Come srping time, after the thaw, the ground starts to get warm. hot air is lighter, so it rises, carrying water vapor with it. The higher you go, the colder it gets, and the colder the air gets, the more moisture it gives up. So when it gets up to cloud forming hieght, the water condenses into really small droplets and forms a cloud.

Now, with more updrafts liek this, the wind in side a cloud get get pretty strong and stay pretty strong. Further more, the water vapor is warm ,and releases its own heat into the air, cuasignt he updrafts in the cloud to get strong and stay strong.

Water vapor in a cloud that gets pretty tall (liek a thuderhead) can get colder than 0 degrees celsius and yet not freeze, unless they make constact with dust or something, then they freeze.In a thundercloud, with high updraft winds and such, it doesnt take long for a dust particle to be coated with thousadns of supercold water droplets, and in REALLY strong cloud, hail can get very big. Btu eventually, the updraft cant hold it up, and it falls to the ground.
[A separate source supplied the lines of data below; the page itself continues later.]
(* Let $m=2$ and $i\in[n]$. If $g$ is a nonzero element of $\mathrm{LSym}$ and $g/\kappa_i\in\mathbb{C}[\mathbf{a},\mathbf{b}]$, then $g/\kappa_i\in\mathrm{LSym}$.
   Context: Variables $a_1,\dots,a_n,b_1,\dots,b_n$ (subscripts mod $n$), where $a_i=x_1^i$, $b_i=x_2^i$. $\mathrm{LSym}$ is the $\mathbb{C}$-subalgebra of $\mathbb{C}[\mathbf{a},\mathbf{b}]$ generated by $a_j+b_{j-1}$ and $a_jb_j$ for $j\in[n]$. $\kappa_i=\sum_{k=0}^{n-1}b_ib_{i+1}\cdots b_{i+k-1}a_{i+k+1}\cdots a_{i+n-1}$. *)

theory Defs
  imports Complex_Main "HOL-Library.Poly_Mapping"
begin

text \<open>Polynomials in commuting variables indexed by pairs (s, j): the variable
  x_s^j, where s \<in> {1,2} (m = 2) and j \<in> {0..<n} is the index taken mod n.\<close>

type_synonym var = "nat \<times> nat"
type_synonym cpoly = "(var \<Rightarrow>\<^sub>0 nat) \<Rightarrow>\<^sub>0 complex"

definition PVar :: "var \<Rightarrow> cpoly" where
  "PVar v = Poly_Mapping.single (Poly_Mapping.single v 1) 1"

definition PConst :: "complex \<Rightarrow> cpoly" where
  "PConst c = Poly_Mapping.single 0 c"

definition avar :: "nat \<Rightarrow> int \<Rightarrow> cpoly" where
  "avar n i = PVar (1, nat (i mod int n))"

definition bvar :: "nat \<Rightarrow> int \<Rightarrow> cpoly" where
  "bvar n i = PVar (2, nat (i mod int n))"

definition Cab :: "nat \<Rightarrow> cpoly set" where
  "Cab n = {p. \<forall>m \<in> Poly_Mapping.keys p. Poly_Mapping.keys m \<subseteq> {1,2} \<times> {..<n}}"

inductive_set LSym :: "nat \<Rightarrow> cpoly set" for n :: nat where
  const: "PConst c \<in> LSym n"
| gen1: "j \<in> {1..n} \<Longrightarrow> avar n (int j) + bvar n (int j - 1) \<in> LSym n"
| gen2: "j \<in> {1..n} \<Longrightarrow> avar n (int j) * bvar n (int j) \<in> LSym n"
| add: "p \<in> LSym n \<Longrightarrow> q \<in> LSym n \<Longrightarrow> p + q \<in> LSym n"
| mult: "p \<in> LSym n \<Longrightarrow> q \<in> LSym n \<Longrightarrow> p * q \<in> LSym n"

definition kappa :: "nat \<Rightarrow> int \<Rightarrow> cpoly" where
  "kappa n i = (\<Sum>k<n. (\<Prod>j<k. bvar n (i + int j)) *
                        (\<Prod>j\<in>{k+1..<n}. avar n (i + int j)))"

end

(* Write U_r = a_(i+r) + b_(i+r-1) and V_r = a_(i+r) b_(i+r). Then LSym is the image of the
   polynomial ring in the U_r, V_r, and kappa_i is the continuant Q_(n-1) of the recursion
   Q_(m+2) = U_(m+2) Q_(m+1) - V_(m+1) Q_m, so kappa_i lies in LSym.
   After the triangular change of variables theta (a_(i+r) to x_r - y_(r-1), b_(i+r) to y_r) and
   for a suitable lexicographic order, distinct monomials in the U_r, V_r acquire distinct leading
   monomials: they form a SAGBI basis, and the leading monomial of theta g for g in LSym is that of
   a monomial in the generators. The leading monomial of theta kappa_i is that of one specific
   monomial, which divides every monomial whose leading monomial it divides; hence if kappa_i q
   lies in LSym, the leading monomial of theta q is again that of a monomial M in the generators. Subtracting the right multiple of M
   lowers it while keeping kappa_i q in LSym, and the order is well-founded on finitely many
   variables. *)

theory Submission
  imports Defs "HOL-Library.Product_Lexorder"
begin

abbreviation keys :: "('a \<Rightarrow>\<^sub>0 'b::zero) \<Rightarrow> 'a set" where "keys \<equiv> Poly_Mapping.keys"
abbreviation lookup :: "('a \<Rightarrow>\<^sub>0 'b::zero) \<Rightarrow> 'a \<Rightarrow> 'b" where "lookup \<equiv> Poly_Mapping.lookup"
abbreviation single :: "'a \<Rightarrow> 'b \<Rightarrow> 'a \<Rightarrow>\<^sub>0 'b::zero" where "single \<equiv> Poly_Mapping.single"

lemma keys_add_subset: "keys a \<subseteq> K \<Longrightarrow> keys b \<subseteq> K \<Longrightarrow> keys (a + b) \<subseteq> K"
  using keys_add[of a b] by blast

section \<open>Substitution homomorphisms\<close>

definition subst_monom ::
  "('v \<Rightarrow> ('w \<Rightarrow>\<^sub>0 nat) \<Rightarrow>\<^sub>0 'a::comm_semiring_1) \<Rightarrow> ('v \<Rightarrow>\<^sub>0 nat) \<Rightarrow> ('w \<Rightarrow>\<^sub>0 nat) \<Rightarrow>\<^sub>0 'a" where
  "subst_monom \<sigma> m = (\<Prod>v\<in>keys m. \<sigma> v ^ lookup m v)"

definition subst ::
  "('v \<Rightarrow> ('w \<Rightarrow>\<^sub>0 nat) \<Rightarrow>\<^sub>0 'a::comm_semiring_1) \<Rightarrow> (('v \<Rightarrow>\<^sub>0 nat) \<Rightarrow>\<^sub>0 'a) \<Rightarrow> ('w \<Rightarrow>\<^sub>0 nat) \<Rightarrow>\<^sub>0 'a" where
  "subst \<sigma> p = (\<Sum>m\<in>keys p. single 0 (lookup p m) * subst_monom \<sigma> m)"

lemma poly_mapping_eq_sum_single: "p = (\<Sum>m\<in>keys p. single m (lookup p m))"
  by (rule poly_mapping_eqI) (simp add: lookup_sum lookup_single when_def in_keys_iff)

lemma mult_eq_sum_single:
  fixes p q :: "('m::comm_monoid_add) \<Rightarrow>\<^sub>0 'a::comm_semiring_0"
  shows "p * q = (\<Sum>a\<in>keys p. \<Sum>b\<in>keys q. single (a + b) (lookup p a * lookup q b))"
proof -
  have "p * q = (\<Sum>a\<in>keys p. single a (lookup p a)) * (\<Sum>b\<in>keys q. single b (lookup q b))"
    using poly_mapping_eq_sum_single[of p] poly_mapping_eq_sum_single[of q] by simp
  then show ?thesis
    by (simp add: sum_product mult_single)
qed

lemma subst_monom_eq_prod_superset:
  assumes "finite K" "keys m \<subseteq> K"
  shows "subst_monom \<sigma> m = (\<Prod>v\<in>K. \<sigma> v ^ lookup m v)"
  unfolding subst_monom_def
  by (rule prod.mono_neutral_left) (use assms in \<open>auto simp: in_keys_iff\<close>)

lemma subst_monom_add: "subst_monom \<sigma> (m1 + m2) = subst_monom \<sigma> m1 * subst_monom \<sigma> m2"
proof -
  let ?K = "keys m1 \<union> keys m2"
  have "subst_monom \<sigma> (m1 + m2) = (\<Prod>v\<in>?K. \<sigma> v ^ lookup m1 v * \<sigma> v ^ lookup m2 v)"
    by (simp add: subst_monom_eq_prod_superset[OF _ keys_add] lookup_add power_add)
  also have "\<dots> = subst_monom \<sigma> m1 * subst_monom \<sigma> m2"
    by (simp add: prod.distrib subst_monom_eq_prod_superset[of ?K])
  finally show ?thesis .
qed

lemma subst_eq_sum_superset:
  assumes "finite M" "keys p \<subseteq> M"
  shows "subst \<sigma> p = (\<Sum>m\<in>M. single 0 (lookup p m) * subst_monom \<sigma> m)"
  unfolding subst_def
  by (rule sum.mono_neutral_left) (use assms in \<open>auto simp: in_keys_iff\<close>)

lemma subst_add: "subst \<sigma> (p + q) = subst \<sigma> p + subst \<sigma> q"
proof -
  let ?M = "keys p \<union> keys q"
  have "subst \<sigma> (p + q) = (\<Sum>m\<in>?M. single 0 (lookup p m) * subst_monom \<sigma> m
                                + single 0 (lookup q m) * subst_monom \<sigma> m)"
    by (simp add: subst_eq_sum_superset[OF _ keys_add] lookup_add single_add distrib_right)
  also have "\<dots> = subst \<sigma> p + subst \<sigma> q"
    by (simp add: sum.distrib subst_eq_sum_superset[of ?M])
  finally show ?thesis .
qed

lemma subst_zero [simp]: "subst \<sigma> 0 = 0"
  by (simp add: subst_def)

lemma subst_single: "subst \<sigma> (single m c) = single 0 c * subst_monom \<sigma> m"
  by (simp add: subst_def)

lemma subst_sum: "subst \<sigma> (sum f A) = (\<Sum>a\<in>A. subst \<sigma> (f a))"
  by (induction A rule: infinite_finite_induct) (auto simp: subst_add)

lemma subst_mult: "subst \<sigma> (p * q) = subst \<sigma> p * subst \<sigma> q"
proof -
  have "subst \<sigma> (p * q) = (\<Sum>a\<in>keys p. \<Sum>b\<in>keys q.
      single 0 (lookup p a) * subst_monom \<sigma> a * (single 0 (lookup q b) * subst_monom \<sigma> b))"
    by (subst mult_eq_sum_single) (simp add: subst_sum subst_single subst_monom_add mult_single ac_simps)
  also have "\<dots> = subst \<sigma> p * subst \<sigma> q"
    by (simp add: subst_def sum_product)
  finally show ?thesis .
qed

lemma subst_const [simp]: "subst \<sigma> (single 0 c) = single 0 c"
  by (simp add: subst_single subst_monom_def)

lemma subst_one [simp]: "subst \<sigma> 1 = 1"
  using subst_const[of \<sigma> 1] by simp

lemma subst_var [simp]: "subst \<sigma> (single (single v 1) 1) = \<sigma> v"
  by (simp add: subst_single subst_monom_def)

lemma subst_diff:
  fixes \<sigma> :: "'v \<Rightarrow> ('w \<Rightarrow>\<^sub>0 nat) \<Rightarrow>\<^sub>0 'a::comm_ring_1"
  shows "subst \<sigma> (p - q) = subst \<sigma> p - subst \<sigma> q"
  by (metis add_diff_cancel_right' diff_add_cancel subst_add)

lemma subst_prod: "subst \<sigma> (prod f A) = (\<Prod>a\<in>A. subst \<sigma> (f a))"
  by (induction A rule: infinite_finite_induct) (auto simp: subst_mult)

lemma subst_power: "subst \<sigma> (p ^ k) = subst \<sigma> p ^ k"
  by (induction k) (auto simp: subst_mult)

lemma subst_subst_monom: "subst \<tau> (subst_monom \<sigma> m) = subst_monom (\<lambda>v. subst \<tau> (\<sigma> v)) m"
  by (simp add: subst_monom_def subst_prod subst_power)

lemma subst_subst: "subst \<tau> (subst \<sigma> p) = subst (\<lambda>v. subst \<tau> (\<sigma> v)) p"
  by (simp add: subst_def[of \<sigma> p] subst_sum subst_mult subst_subst_monom subst_def[of _ p])

lemma subst_vars_id:
  fixes p :: "('v \<Rightarrow>\<^sub>0 nat) \<Rightarrow>\<^sub>0 'a::comm_semiring_1"
  shows "subst (\<lambda>v. single (single v 1) 1) p = p"
proof -
  have single_power: "single (single v 1) (1::'a) ^ k
      = single (single v k) 1" for v k
    by (induction k) (auto simp: mult_single single_add[symmetric] add.commute)
  have prod_single: "(\<Prod>v\<in>K. single (f v) (1::'a)) = single (\<Sum>v\<in>K. f v) 1"
    for K and f :: "'v \<Rightarrow> 'v \<Rightarrow>\<^sub>0 nat"
    by (induction K rule: infinite_finite_induct) (auto simp: mult_single)
  have "subst_monom (\<lambda>v. single (single v 1) (1::'a)) m = single m 1"
    for m :: "'v \<Rightarrow>\<^sub>0 nat"
  proof -
    have "subst_monom (\<lambda>v. single (single v 1) (1::'a)) m = single (\<Sum>v\<in>keys m. single v (lookup m v)) 1"
      by (simp only: subst_monom_def single_power prod_single)
    then show ?thesis
      by (simp flip: poly_mapping_eq_sum_single)
  qed
  then show ?thesis
    by (simp add: subst_def mult_single flip: poly_mapping_eq_sum_single)
qed

definition polys_in :: "'v set \<Rightarrow> (('v \<Rightarrow>\<^sub>0 nat) \<Rightarrow>\<^sub>0 'a::zero) set" where
  "polys_in K = {p. \<forall>m\<in>keys p. keys m \<subseteq> K}"

lemma polys_in_zero [simp]: "0 \<in> polys_in K"
  by (simp add: polys_in_def)

lemma polys_in_const [simp]: "single 0 c \<in> polys_in K"
  by (simp add: polys_in_def)

lemma polys_in_one [simp]: "1 \<in> polys_in K"
  by (simp add: polys_in_def)

lemma polys_in_var: "v \<in> K \<Longrightarrow> single (single v 1) c \<in> polys_in K"
  by (simp add: polys_in_def)

lemma polys_in_add: "p \<in> polys_in K \<Longrightarrow> q \<in> polys_in K \<Longrightarrow> p + q \<in> polys_in K"
  unfolding polys_in_def using keys_add[of p q] by blast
Also googled, snow is formed when the air is feezing at cloud forming altiudes, and the ground is just warm enough to lift the moisture into the air without warminng the clouds. if there is too much moisture, then it will condens,e but if conditions are just right, then the moisture will freeze into a tiny crystal. when the air gets calm, it will jsut slowly fall. or, when the air is strong, liek in a blizzard, it will just be ripped out of the cloud.  

heres the hail site
 http://www.ucar.edu/communications/factsheets/Hail.html

and the snow site
http://nsidc.org/snow/faq.html

wah.. i dotn get snow in hot ass texas...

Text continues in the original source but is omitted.